### [Problem statement]
Below are the records; pull every line that includes "close".

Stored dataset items
========================================

(*
  For a DAG whose skeleton is a tree, c(S) = 1 forces S to be a star (an edge, or a vertex
  together with at least two of its parents, all arrows then lying in v-structures); hence
  c depends only on the pattern, every such S lies on one side T_u or T_v of the edge uv,
  and on that side it is the characteristic imset of the parted pattern.  So two monomials
  in the z_P have the same image under psi_T exactly when their partings have the same
  images under psi_{T_u} and psi_{T_v}.

  This gluing property alone gives the toric fibre product.  A toric ideal is spanned by
  binomials, and x^(A+B) - x^(A'+B') = x^B (x^A - x^A') + x^A' (x^B - x^B') splits a glued
  binomial into the two factors; conversely I + J lies in the kernel of the monomial map
  that sends x_a and y_b into disjoint copies of the targets of psi_{T_u} and psi_{T_v},
  whose fibres are those of psi_T.
*)

theory Submission
  imports Defs
begin

section \<open>Monomial maps\<close>

abbreviation rename_exp :: "('v \<Rightarrow> 'u) \<Rightarrow> ('v \<Rightarrow>\<^sub>0 nat) \<Rightarrow> ('u \<Rightarrow>\<^sub>0 nat)" where
  "rename_exp h \<equiv> mono_exp (\<lambda>x. Poly_Mapping.single (h x) 1)"

abbreviation rename :: "('v \<Rightarrow> 'u) \<Rightarrow> ('v, 'k::comm_ring_1) mpoly \<Rightarrow> ('u, 'k) mpoly" where
  "rename h \<equiv> mono_map (\<lambda>x. Poly_Mapping.single (h x) 1)"

lemma lookup_mono_exp:
  "Poly_Mapping.lookup (mono_exp \<sigma> m) w =
     (\<Sum>x\<in>Poly_Mapping.keys m. Poly_Mapping.lookup m x * Poly_Mapping.lookup (\<sigma> x) w)"
  unfolding mono_exp_def by (simp add: lookup_sum)

lemma lookup_mono_exp_superset:
  assumes "finite K" "Poly_Mapping.keys m \<subseteq> K"
  shows "Poly_Mapping.lookup (mono_exp \<sigma> m) w =
     (\<Sum>x\<in>K. Poly_Mapping.lookup m x * Poly_Mapping.lookup (\<sigma> x) w)"
  unfolding lookup_mono_exp
  by (rule sum.mono_neutral_left) (use assms in \<open>auto simp: in_keys_iff\<close>)

lemma mono_exp_add: "mono_exp \<sigma> (a + b) = mono_exp \<sigma> a + mono_exp \<sigma> b"
proof (rule poly_mapping_eqI)
  fix w
  have "Poly_Mapping.keys (a + b) \<subseteq> Poly_Mapping.keys a \<union> Poly_Mapping.keys b"
    by (rule keys_add)
  then show "Poly_Mapping.lookup (mono_exp \<sigma> (a + b)) w =
      Poly_Mapping.lookup (mono_exp \<sigma> a + mono_exp \<sigma> b) w"
    by (simp add: lookup_add lookup_mono_exp_superset[of "Poly_Mapping.keys a \<union> Poly_Mapping.keys b"]
        algebra_simps sum.distrib)
qed

lemma mono_exp_single_1 [simp]: "mono_exp \<sigma> (Poly_Mapping.single x 1) = \<sigma> x"
  unfolding mono_exp_def by simp

lemma mono_exp_plus_fun: "mono_exp (\<lambda>x. \<sigma> x + \<tau> x) m = mono_exp \<sigma> m + mono_exp \<tau> m"
  by (rule poly_mapping_eqI) (simp add: lookup_add lookup_mono_exp algebra_simps sum.distrib)

lemma mono_exp_cong:
  "(\<And>x. x \<in> Poly_Mapping.keys m \<Longrightarrow> \<sigma> x = \<tau> x) \<Longrightarrow> mono_exp \<sigma> m = mono_exp \<tau> m"
  unfolding mono_exp_def by (rule sum.cong) auto

lemma keys_mono_exp:
  "Poly_Mapping.keys (mono_exp \<sigma> m) \<subseteq> (\<Union>x\<in>Poly_Mapping.keys m. Poly_Mapping.keys (\<sigma> x))"
proof
  fix w assume "w \<in> Poly_Mapping.keys (mono_exp \<sigma> m)"
  then have "(\<Sum>x\<in>Poly_Mapping.keys m. Poly_Mapping.lookup m x * Poly_Mapping.lookup (\<sigma> x) w) \<noteq> 0"
    by (simp add: in_keys_iff lookup_mono_exp)
  then obtain x where "x \<in> Poly_Mapping.keys m"
      "Poly_Mapping.lookup m x * Poly_Mapping.lookup (\<sigma> x) w \<noteq> 0"
    by (meson sum.not_neutral_contains_not_neutral)
  then show "w \<in> (\<Union>x\<in>Poly_Mapping.keys m. Poly_Mapping.keys (\<sigma> x))"
    by (auto simp: in_keys_iff)
qed

lemma keys_rename_exp: "Poly_Mapping.keys (rename_exp h m) \<subseteq> h ` Poly_Mapping.keys m"
  using keys_mono_exp[of "\<lambda>x. Poly_Mapping.single (h x) 1" m] by auto

lemma lookup_mono_exp_restrict:
  assumes "\<And>x. x \<in> Poly_Mapping.keys m \<Longrightarrow>
      Poly_Mapping.lookup (\<tau> x) w = (if w \<in> K then Poly_Mapping.lookup (\<sigma> x) w else 0)"
  shows "Poly_Mapping.lookup (mono_exp \<tau> m) w =
      (if w \<in> K then Poly_Mapping.lookup (mono_exp \<sigma> m) w else 0)"
  unfolding lookup_mono_exp using assms by (cases "w \<in> K") auto

lemma mono_exp_mono_exp:
  "mono_exp \<tau> (mono_exp \<sigma> m) = mono_exp (\<lambda>x. mono_exp \<tau> (\<sigma> x)) m"
proof (rule poly_mapping_eqI)
  fix w
  let ?K = "\<Union>x\<in>Poly_Mapping.keys m. Poly_Mapping.keys (\<sigma> x)"
  let ?c = "\<lambda>x y. Poly_Mapping.lookup m x * Poly_Mapping.lookup (\<sigma> x) y * Poly_Mapping.lookup (\<tau> y) w"
  have fin: "finite ?K" by simp
  have "Poly_Mapping.lookup (mono_exp \<tau> (mono_exp \<sigma> m)) w =
      (\<Sum>y\<in>?K. Poly_Mapping.lookup (mono_exp \<sigma> m) y * Poly_Mapping.lookup (\<tau> y) w)"
    by (rule lookup_mono_exp_superset[OF fin keys_mono_exp])
  also have "\<dots> = (\<Sum>y\<in>?K. \<Sum>x\<in>Poly_Mapping.keys m. ?c x y)"
    by (simp add: lookup_mono_exp sum_distrib_right)
  also have "\<dots> = (\<Sum>x\<in>Poly_Mapping.keys m. \<Sum>y\<in>?K. ?c x y)"
    by (rule sum.swap)
  also have "\<dots> = Poly_Mapping.lookup (mono_exp (\<lambda>x. mono_exp \<tau> (\<sigma> x)) m) w"
    unfolding lookup_mono_exp[of "\<lambda>x. mono_exp \<tau> (\<sigma> x)"]
  proof (rule sum.cong[OF refl])
    fix x assume "x \<in> Poly_Mapping.keys m"
    then have "Poly_Mapping.keys (\<sigma> x) \<subseteq> ?K" by blast
    then show "(\<Sum>y\<in>?K. ?c x y) =
        Poly_Mapping.lookup m x * Poly_Mapping.lookup (mono_exp \<tau> (\<sigma> x)) w"
      by (simp add: lookup_mono_exp_superset[OF fin] sum_distrib_left mult.assoc)
  qed
  finally show "Poly_Mapping.lookup (mono_exp \<tau> (mono_exp \<sigma> m)) w =
      Poly_Mapping.lookup (mono_exp (\<lambda>x. mono_exp \<tau> (\<sigma> x)) m) w" .
qed

lemma mono_exp_rename_exp: "mono_exp \<sigma> (rename_exp h m) = mono_exp (\<lambda>x. \<sigma> (h x)) m"
  by (simp only: mono_exp_mono_exp mono_exp_single_1)

lemma rename_exp_id: "rename_exp (\<lambda>x. x) m = m"
  by (rule poly_mapping_eqI)
    (simp add: lookup_mono_exp lookup_single when_def if_distrib sum.delta' in_keys_iff cong: if_cong)

lemma lookup_rename_exp_inj:
  "inj h \<Longrightarrow> Poly_Mapping.lookup (rename_exp h m) (h x) = Poly_Mapping.lookup m x"
  by (simp add: lookup_mono_exp lookup_single when_def inj_eq if_distrib sum.delta' in_keys_iff
      cong: if_cong)
(* For even $m\ge 18$, let $G^{\mathrm{mix}}_m$ be the graph with vertex set $\{u^*\}\cup\{a\}\cup B\cup\{z,x,y\}\cup L$, where $\{a\}\cup B$ with $|B|=3$ induces a $K_4$, $|L|=m-14$, $u^*$ is adjacent to every vertex of $\{a\}\cup B\cup\{z\}\cup L$, and the remaining edges are exactly $ax$, $xy$, $yz$ (so $G^{\mathrm{mix}}_m$ has $m$ edges). Its spectral radius equals the largest root of \[ f_{\mathrm{mix}}(x)=x^7-2x^6+(3-m)x^5+(2m-24)x^4+(6m-61)x^3+(84-6m)x^2+(90-7m)x+2m-28, \] and $\rho(G^{\mathrm{mix}}_m)<\rho'(m)$.
   Context: $\rho(G)$ denotes the adjacency spectral radius. For even $m$, $\rho'(m)$ is the largest real root of $p_m(x)=x^4-mx^2-(m-2)x+\frac{m}{2}-1$. *)

theory Defs
  imports "Jordan_Normal_Form.Spectral_Radius"
begin

text \<open>Vertex labelling of G^mix_m on {0..<m-6}:
  0 = u*, 1 = a, 2,3,4 = B, 5 = z, 6 = x, 7 = y, 8..m-7 = L (m-14 vertices).\<close>

definition mix_edges :: "nat \<Rightarrow> nat set set" where
  "mix_edges m =
     {{1,2},{1,3},{1,4},{2,3},{2,4},{3,4}}
   \<union> {{0,v} | v. v \<in> {1,2,3,4,5} \<union> {8..<m-6}}
   \<union> {{1,6},{6,7},{7,5}}"

definition mix_adj_mat :: "nat \<Rightarrow> complex mat" where
  "mix_adj_mat m = mat (m-6) (m-6) (\<lambda>(i,j). if {i,j} \<in> mix_edges m then 1 else 0)"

========================================

### [Response below]
section \<open>Monomial maps\<close>
  by (rule sum.mono_neutral_left) (use assms in \<open>auto simp: in_keys_iff\<close>)
  0 = u*, 1 = a, 2,3,4 = B, 5 = z, 6 = x, 7 = y, 8..m-7 = L (m-14 vertices).\<close>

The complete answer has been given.